» Input data
=== Section Start ===

lemma fcalc_diagonal:
  assumes "X \<in> V"
  shows "fcalc sc ip f T X = (\<lambda>x. \<Sum>k\<in>K. sc (f (\<mu> k)) (\<pi> k X x))"
proof
  fix x
  define S where "S = tens_spectrum sc ip T"
  have "finite S"
    unfolding S_def using tens_spectrum_subset_diagonal tens_diagonal_finite finite_surj by blast
  have "fcalc sc ip f T X x = (\<Sum>k\<in>K. \<Sum>l\<in>S. sc (f l * poly (lagrange_poly S l) (\<mu> k)) (\<pi> k X x))"
    unfolding fcalc_def S_def[symmetric] tens_diagonal_poly_op[OF assms]
    by (simp add: sc_sum_right sum.swap[of _ S])
  also have "\<dots> = (\<Sum>k\<in>K. sc (f (\<mu> k)) (\<pi> k X x))"
  proof (rule sum.cong[OF refl])
    fix k
    assume "k \<in> K"
    show "(\<Sum>l\<in>S. sc (f l * poly (lagrange_poly S l) (\<mu> k)) (\<pi> k X x)) = sc (f (\<mu> k)) (\<pi> k X x)"
    proof (cases "\<pi> k X = (\<lambda>x. 0)")
      case False
      then have "\<mu> k \<in> S"
        unfolding S_def using tens_diagonal_eigenvalue_in_spectrum[OF \<open>k \<in> K\<close> assms] by blast
      then have "(\<Sum>l\<in>S. sc (f l * poly (lagrange_poly S l) (\<mu> k)) (\<pi> k X x)) =
          (\<Sum>l\<in>S. if l = \<mu> k then sc (f (\<mu> k)) (\<pi> k X x) else 0)"
        using poly_lagrange_poly[OF \<open>finite S\<close> _ \<open>\<mu> k \<in> S\<close>] by (intro sum.cong) auto
      then show ?thesis
        using \<open>finite S\<close> \<open>\<mu> k \<in> S\<close> by simp
    qed simp
  qed
  finally show "fcalc sc ip f T X x = (\<Sum>k\<in>K. sc (f (\<mu> k)) (\<pi> k X x))" .
qed

end

section \<open>The operator \<open>A \<otimes> I - I \<otimes> A\<^sup>T\<close>\<close>

abbreviation tens_commutator :: "('a \<Rightarrow> 'a) \<Rightarrow> ('a \<Rightarrow> 'a) \<Rightarrow> 'a \<Rightarrow> 'a" where
  "tens_commutator A \<equiv> \<lambda>Y y. tens_op A id Y y - tens_op id A Y y"

lemma tens_commutator_apply: "tens_commutator A = (\<lambda>Y y. A (Y y) - Y (A y))"
  by (simp add: tens_op_def fun_eq_iff)

context
  fixes A I P lam
  assumes sd: "spectral_decomp A I P lam" and lin: "is_clinear sc A"
begin

lemma spectral_decomp_proj_commute:
  assumes "j \<in> I"
  shows "P j (A x) = sc (complex_of_real (lam j)) (P j x)"
proof -
  note D = spectral_decompD[OF sd]
  have "P j (A x) = (\<Sum>i\<in>I. sc (complex_of_real (lam i)) (P j (P i x)))"
    by (subst D(6)[of x, symmetric])
      (simp add: clinear_sum[OF lin] clinear_sum[OF D(2)[OF assms]] D(7) clinear_sc[OF D(2)[OF assms]])
  also have "\<dots> = (\<Sum>i\<in>I. if i = j then sc (complex_of_real (lam j)) (P j x) else 0)"
    using assms D(5) by (intro sum.cong) auto
  also have "\<dots> = sc (complex_of_real (lam j)) (P j x)"
    using assms D(1) by simp
  finally show ?thesis .
qed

=== Section End ===

» Your objective
Exactly as they appear, copy the lines of the listing above from the first through the one that contains "A \<equiv> \<lambda>Y", and nothing more.

» Problem solution
lemma fcalc_diagonal:
  assumes "X \<in> V"
  shows "fcalc sc ip f T X = (\<lambda>x. \<Sum>k\<in>K. sc (f (\<mu> k)) (\<pi> k X x))"
proof
  fix x
  define S where "S = tens_spectrum sc ip T"
  have "finite S"
    unfolding S_def using tens_spectrum_subset_diagonal tens_diagonal_finite finite_surj by blast
  have "fcalc sc ip f T X x = (\<Sum>k\<in>K. \<Sum>l\<in>S. sc (f l * poly (lagrange_poly S l) (\<mu> k)) (\<pi> k X x))"
    unfolding fcalc_def S_def[symmetric] tens_diagonal_poly_op[OF assms]
    by (simp add: sc_sum_right sum.swap[of _ S])
  also have "\<dots> = (\<Sum>k\<in>K. sc (f (\<mu> k)) (\<pi> k X x))"
  proof (rule sum.cong[OF refl])
    fix k
    assume "k \<in> K"
    show "(\<Sum>l\<in>S. sc (f l * poly (lagrange_poly S l) (\<mu> k)) (\<pi> k X x)) = sc (f (\<mu> k)) (\<pi> k X x)"
    proof (cases "\<pi> k X = (\<lambda>x. 0)")
      case False
      then have "\<mu> k \<in> S"
        unfolding S_def using tens_diagonal_eigenvalue_in_spectrum[OF \<open>k \<in> K\<close> assms] by blast
      then have "(\<Sum>l\<in>S. sc (f l * poly (lagrange_poly S l) (\<mu> k)) (\<pi> k X x)) =
          (\<Sum>l\<in>S. if l = \<mu> k then sc (f (\<mu> k)) (\<pi> k X x) else 0)"
        using poly_lagrange_poly[OF \<open>finite S\<close> _ \<open>\<mu> k \<in> S\<close>] by (intro sum.cong) auto
      then show ?thesis
        using \<open>finite S\<close> \<open>\<mu> k \<in> S\<close> by simp
    qed simp
  qed
  finally show "fcalc sc ip f T X x = (\<Sum>k\<in>K. sc (f (\<mu> k)) (\<pi> k X x))" .
qed

end

section \<open>The operator \<open>A \<otimes> I - I \<otimes> A\<^sup>T\<close>\<close>

abbreviation tens_commutator :: "('a \<Rightarrow> 'a) \<Rightarrow> ('a \<Rightarrow> 'a) \<Rightarrow> 'a \<Rightarrow> 'a" where
  "tens_commutator A \<equiv> \<lambda>Y y. tens_op A id Y y - tens_op id A Y y"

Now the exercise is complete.